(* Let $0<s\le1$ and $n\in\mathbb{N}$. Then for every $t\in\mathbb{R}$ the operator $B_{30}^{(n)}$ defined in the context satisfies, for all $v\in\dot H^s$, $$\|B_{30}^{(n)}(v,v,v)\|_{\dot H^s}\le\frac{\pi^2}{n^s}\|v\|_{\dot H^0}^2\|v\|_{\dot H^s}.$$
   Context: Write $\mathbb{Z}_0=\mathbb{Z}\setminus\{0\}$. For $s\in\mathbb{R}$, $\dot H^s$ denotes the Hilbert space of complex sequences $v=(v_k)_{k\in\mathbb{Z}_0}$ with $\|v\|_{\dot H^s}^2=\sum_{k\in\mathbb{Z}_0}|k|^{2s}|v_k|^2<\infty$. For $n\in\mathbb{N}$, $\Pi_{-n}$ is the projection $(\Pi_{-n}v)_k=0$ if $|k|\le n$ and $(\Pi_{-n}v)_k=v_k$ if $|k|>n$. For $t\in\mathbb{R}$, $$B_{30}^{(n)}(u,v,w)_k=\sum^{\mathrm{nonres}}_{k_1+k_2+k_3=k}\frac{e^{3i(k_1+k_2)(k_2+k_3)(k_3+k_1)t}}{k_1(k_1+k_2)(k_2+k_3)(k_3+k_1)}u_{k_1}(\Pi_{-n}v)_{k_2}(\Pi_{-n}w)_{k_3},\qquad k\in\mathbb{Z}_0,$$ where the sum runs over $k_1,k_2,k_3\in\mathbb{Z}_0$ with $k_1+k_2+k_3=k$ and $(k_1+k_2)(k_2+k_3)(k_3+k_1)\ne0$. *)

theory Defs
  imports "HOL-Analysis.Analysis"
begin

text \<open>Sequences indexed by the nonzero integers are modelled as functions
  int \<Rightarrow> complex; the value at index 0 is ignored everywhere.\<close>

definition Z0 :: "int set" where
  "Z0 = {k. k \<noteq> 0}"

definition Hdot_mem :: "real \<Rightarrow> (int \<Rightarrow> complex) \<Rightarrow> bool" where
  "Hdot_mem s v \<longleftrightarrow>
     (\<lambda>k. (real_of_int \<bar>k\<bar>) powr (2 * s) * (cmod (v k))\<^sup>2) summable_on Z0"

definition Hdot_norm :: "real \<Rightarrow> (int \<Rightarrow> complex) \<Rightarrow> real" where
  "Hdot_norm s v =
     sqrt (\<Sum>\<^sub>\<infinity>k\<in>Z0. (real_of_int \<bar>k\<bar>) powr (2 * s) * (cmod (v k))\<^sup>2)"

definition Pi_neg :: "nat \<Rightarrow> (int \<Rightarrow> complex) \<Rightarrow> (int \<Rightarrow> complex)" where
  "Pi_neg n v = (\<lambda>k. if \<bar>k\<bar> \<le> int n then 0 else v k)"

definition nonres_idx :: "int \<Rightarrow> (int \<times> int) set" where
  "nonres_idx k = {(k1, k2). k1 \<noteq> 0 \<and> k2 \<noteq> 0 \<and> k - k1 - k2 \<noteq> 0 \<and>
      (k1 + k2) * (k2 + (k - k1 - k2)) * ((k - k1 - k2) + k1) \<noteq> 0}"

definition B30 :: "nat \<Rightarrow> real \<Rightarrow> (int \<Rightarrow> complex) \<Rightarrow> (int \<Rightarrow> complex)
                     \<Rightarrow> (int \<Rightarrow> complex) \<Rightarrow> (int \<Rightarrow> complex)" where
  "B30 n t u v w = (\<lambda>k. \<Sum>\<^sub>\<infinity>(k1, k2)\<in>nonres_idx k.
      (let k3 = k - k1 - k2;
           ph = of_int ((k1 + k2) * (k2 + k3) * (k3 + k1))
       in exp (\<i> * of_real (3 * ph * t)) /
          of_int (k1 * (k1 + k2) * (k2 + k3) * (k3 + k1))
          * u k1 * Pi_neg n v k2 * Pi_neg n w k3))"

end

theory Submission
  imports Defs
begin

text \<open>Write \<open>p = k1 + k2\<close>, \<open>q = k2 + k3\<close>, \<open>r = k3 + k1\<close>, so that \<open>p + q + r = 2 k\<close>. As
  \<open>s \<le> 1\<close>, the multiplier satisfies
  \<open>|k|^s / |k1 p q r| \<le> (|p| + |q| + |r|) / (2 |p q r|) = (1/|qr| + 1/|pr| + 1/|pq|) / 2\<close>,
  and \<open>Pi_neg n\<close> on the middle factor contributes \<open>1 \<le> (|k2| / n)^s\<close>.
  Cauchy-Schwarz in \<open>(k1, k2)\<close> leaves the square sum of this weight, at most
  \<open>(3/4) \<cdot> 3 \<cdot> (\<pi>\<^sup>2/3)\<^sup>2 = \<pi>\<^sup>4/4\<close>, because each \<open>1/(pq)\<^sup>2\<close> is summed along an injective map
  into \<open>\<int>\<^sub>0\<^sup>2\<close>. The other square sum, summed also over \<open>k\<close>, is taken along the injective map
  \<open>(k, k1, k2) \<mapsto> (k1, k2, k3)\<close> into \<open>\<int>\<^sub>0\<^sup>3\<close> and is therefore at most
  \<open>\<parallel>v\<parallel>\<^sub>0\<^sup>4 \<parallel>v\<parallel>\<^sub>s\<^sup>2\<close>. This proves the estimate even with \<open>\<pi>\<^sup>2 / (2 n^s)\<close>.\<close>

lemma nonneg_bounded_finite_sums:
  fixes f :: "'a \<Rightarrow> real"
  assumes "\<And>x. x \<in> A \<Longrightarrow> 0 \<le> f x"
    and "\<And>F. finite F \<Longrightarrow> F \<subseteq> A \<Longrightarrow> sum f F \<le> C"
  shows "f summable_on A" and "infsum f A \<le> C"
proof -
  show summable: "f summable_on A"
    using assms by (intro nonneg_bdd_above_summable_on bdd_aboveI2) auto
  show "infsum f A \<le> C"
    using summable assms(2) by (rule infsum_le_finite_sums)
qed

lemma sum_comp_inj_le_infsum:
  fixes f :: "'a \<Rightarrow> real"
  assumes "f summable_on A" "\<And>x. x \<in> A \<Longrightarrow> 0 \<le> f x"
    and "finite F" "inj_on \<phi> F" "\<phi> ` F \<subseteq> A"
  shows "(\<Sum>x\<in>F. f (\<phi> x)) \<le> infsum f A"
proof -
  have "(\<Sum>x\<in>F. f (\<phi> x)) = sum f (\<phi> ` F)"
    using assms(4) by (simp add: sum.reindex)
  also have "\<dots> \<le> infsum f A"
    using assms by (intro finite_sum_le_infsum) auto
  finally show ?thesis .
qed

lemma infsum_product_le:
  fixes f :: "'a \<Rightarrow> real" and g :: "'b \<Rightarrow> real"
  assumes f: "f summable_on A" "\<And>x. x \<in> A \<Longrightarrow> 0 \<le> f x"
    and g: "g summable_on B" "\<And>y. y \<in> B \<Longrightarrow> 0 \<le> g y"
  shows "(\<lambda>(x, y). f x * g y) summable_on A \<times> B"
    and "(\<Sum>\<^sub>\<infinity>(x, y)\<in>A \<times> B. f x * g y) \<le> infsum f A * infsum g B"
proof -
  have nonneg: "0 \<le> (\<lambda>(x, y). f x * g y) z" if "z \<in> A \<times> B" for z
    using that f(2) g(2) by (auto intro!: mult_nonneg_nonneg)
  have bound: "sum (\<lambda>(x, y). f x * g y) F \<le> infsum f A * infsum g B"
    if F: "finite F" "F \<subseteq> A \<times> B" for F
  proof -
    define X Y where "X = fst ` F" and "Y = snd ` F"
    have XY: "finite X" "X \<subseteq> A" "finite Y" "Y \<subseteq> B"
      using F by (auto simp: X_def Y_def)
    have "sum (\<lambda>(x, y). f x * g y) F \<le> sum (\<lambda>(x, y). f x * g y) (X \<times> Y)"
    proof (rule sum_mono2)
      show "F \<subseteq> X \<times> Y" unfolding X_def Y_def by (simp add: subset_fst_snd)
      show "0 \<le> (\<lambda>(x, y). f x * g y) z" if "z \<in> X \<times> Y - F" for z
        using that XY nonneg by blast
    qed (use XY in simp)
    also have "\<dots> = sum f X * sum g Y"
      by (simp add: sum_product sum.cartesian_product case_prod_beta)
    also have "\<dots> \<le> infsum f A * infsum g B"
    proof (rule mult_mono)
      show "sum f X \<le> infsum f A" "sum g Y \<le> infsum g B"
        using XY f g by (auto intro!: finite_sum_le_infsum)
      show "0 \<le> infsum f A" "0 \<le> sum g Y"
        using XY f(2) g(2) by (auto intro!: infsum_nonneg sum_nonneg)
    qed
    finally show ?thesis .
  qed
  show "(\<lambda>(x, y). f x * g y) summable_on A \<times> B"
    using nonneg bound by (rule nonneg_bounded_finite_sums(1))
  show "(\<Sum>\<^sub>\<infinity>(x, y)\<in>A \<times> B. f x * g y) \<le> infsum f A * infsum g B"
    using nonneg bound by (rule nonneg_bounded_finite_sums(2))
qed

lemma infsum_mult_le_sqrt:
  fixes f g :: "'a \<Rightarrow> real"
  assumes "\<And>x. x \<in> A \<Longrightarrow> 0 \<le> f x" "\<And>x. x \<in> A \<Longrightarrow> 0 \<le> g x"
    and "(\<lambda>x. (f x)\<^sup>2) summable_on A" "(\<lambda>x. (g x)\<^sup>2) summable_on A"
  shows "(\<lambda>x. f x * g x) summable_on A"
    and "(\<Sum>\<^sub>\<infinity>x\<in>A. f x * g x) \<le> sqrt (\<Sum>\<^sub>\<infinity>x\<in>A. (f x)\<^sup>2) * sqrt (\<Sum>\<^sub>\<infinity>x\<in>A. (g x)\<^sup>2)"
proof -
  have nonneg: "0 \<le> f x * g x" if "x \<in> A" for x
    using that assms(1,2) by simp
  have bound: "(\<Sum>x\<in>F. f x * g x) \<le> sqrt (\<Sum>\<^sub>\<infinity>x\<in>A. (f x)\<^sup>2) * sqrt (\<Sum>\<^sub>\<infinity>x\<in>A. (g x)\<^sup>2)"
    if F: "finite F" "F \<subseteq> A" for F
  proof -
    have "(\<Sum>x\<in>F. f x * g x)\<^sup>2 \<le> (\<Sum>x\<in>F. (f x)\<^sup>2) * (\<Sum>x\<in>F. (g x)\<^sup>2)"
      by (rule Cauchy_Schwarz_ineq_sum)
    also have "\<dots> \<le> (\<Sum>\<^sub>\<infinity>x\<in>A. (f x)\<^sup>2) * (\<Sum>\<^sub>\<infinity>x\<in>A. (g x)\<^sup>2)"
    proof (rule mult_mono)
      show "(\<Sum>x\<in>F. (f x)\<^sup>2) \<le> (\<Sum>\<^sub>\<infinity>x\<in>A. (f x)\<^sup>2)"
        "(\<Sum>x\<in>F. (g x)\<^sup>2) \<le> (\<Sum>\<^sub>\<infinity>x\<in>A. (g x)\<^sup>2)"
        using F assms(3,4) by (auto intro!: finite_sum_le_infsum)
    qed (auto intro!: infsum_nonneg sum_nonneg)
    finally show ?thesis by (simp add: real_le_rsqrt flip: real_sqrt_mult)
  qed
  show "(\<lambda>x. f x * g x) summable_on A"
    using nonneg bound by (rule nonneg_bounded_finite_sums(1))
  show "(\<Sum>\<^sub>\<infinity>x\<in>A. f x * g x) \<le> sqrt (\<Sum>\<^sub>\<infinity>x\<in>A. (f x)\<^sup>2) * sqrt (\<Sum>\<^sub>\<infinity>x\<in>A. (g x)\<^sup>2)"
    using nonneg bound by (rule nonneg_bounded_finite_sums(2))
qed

┄┄┄┄┄┄┄┄┄┄┄┄┄┄┄┄┄┄┄┄

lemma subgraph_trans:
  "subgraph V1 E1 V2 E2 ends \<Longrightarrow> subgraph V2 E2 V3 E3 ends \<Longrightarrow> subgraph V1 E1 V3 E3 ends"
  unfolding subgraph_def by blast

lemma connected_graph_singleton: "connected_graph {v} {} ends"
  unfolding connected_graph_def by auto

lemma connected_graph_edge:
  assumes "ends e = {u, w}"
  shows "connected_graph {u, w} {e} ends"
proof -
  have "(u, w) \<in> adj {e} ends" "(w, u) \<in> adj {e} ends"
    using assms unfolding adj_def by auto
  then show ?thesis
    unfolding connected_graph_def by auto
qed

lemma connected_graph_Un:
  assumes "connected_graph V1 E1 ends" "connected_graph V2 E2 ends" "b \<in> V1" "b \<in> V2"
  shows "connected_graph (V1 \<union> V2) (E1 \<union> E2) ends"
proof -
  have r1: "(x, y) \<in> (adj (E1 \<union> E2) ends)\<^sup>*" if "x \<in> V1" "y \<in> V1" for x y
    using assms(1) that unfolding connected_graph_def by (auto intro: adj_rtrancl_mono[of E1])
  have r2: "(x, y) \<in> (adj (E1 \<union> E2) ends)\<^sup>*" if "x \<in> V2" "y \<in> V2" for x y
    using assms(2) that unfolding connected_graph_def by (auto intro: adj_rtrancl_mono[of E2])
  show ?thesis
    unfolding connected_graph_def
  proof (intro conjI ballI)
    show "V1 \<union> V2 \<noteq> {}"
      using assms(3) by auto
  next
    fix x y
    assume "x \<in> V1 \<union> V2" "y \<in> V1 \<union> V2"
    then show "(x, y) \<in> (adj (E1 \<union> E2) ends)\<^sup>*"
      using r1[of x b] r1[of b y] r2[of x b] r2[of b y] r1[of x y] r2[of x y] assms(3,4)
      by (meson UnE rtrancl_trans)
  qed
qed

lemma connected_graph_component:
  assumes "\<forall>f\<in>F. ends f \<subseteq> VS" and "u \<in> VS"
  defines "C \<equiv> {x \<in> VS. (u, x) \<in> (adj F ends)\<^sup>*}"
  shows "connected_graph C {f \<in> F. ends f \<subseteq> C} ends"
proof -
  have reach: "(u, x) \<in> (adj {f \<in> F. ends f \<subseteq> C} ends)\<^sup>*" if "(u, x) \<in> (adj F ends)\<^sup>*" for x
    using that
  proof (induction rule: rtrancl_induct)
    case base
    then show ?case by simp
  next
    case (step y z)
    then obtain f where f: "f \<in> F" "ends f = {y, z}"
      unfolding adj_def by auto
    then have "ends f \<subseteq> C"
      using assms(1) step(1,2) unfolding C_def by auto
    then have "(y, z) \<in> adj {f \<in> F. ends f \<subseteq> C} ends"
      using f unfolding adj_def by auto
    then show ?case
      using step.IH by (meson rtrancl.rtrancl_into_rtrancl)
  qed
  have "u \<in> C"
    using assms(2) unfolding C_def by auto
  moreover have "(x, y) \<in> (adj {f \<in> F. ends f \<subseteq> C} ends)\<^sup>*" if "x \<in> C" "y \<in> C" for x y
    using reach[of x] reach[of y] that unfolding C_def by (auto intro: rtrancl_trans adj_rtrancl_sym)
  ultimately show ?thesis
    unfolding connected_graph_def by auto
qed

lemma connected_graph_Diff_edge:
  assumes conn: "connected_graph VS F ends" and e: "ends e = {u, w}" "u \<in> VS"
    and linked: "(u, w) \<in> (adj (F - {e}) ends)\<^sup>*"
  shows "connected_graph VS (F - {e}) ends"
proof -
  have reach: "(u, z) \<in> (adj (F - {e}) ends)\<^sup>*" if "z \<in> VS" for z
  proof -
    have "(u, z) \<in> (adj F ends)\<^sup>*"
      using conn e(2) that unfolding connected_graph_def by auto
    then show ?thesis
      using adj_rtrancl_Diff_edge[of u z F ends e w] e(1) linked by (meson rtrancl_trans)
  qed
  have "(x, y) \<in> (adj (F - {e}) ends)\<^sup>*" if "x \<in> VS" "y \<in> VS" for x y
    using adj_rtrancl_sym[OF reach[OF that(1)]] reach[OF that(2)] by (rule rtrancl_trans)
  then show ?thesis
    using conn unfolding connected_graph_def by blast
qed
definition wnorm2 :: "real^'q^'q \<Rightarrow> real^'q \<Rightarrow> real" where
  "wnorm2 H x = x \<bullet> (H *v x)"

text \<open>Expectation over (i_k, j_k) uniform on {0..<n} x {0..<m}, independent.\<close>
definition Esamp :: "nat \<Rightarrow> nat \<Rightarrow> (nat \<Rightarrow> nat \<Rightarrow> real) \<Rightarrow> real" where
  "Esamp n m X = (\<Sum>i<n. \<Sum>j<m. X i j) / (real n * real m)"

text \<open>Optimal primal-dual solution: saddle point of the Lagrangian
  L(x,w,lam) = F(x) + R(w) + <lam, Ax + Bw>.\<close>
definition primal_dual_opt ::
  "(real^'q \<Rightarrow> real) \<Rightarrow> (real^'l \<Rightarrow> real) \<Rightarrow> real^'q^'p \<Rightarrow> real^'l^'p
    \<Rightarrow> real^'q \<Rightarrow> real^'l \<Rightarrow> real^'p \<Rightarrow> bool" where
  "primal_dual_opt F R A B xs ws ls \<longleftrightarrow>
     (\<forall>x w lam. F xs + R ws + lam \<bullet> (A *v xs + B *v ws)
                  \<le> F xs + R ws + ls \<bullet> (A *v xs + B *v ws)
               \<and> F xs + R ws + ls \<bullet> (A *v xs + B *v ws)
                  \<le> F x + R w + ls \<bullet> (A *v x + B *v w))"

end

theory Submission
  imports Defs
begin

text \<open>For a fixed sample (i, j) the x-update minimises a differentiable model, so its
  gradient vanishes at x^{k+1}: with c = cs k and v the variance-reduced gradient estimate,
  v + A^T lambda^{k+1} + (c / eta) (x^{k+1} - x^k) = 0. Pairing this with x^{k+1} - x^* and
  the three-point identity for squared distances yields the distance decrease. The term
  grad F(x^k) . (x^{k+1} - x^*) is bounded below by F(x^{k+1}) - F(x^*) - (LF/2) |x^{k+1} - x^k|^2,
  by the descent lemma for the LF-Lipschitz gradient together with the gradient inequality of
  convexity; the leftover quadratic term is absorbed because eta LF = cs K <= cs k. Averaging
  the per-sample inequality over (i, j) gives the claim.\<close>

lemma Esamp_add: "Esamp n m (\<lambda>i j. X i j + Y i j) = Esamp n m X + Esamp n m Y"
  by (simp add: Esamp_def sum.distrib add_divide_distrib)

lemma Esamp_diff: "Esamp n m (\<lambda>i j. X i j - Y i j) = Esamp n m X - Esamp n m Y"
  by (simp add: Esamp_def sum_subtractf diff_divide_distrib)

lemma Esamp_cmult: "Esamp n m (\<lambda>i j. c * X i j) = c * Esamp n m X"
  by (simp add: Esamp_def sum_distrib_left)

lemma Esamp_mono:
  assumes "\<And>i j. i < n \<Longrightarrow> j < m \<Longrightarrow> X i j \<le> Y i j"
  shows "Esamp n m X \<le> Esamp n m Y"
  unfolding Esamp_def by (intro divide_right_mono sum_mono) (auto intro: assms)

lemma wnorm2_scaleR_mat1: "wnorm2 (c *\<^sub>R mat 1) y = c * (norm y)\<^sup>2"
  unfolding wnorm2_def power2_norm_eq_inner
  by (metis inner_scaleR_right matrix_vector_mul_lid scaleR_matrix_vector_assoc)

┄┄┄┄┄┄┄┄┄┄┄┄┄┄┄┄┄┄┄┄

Exactly how many lines of the listing hold the word "assumes"? Give the number with nothing else.

Result of this task — 9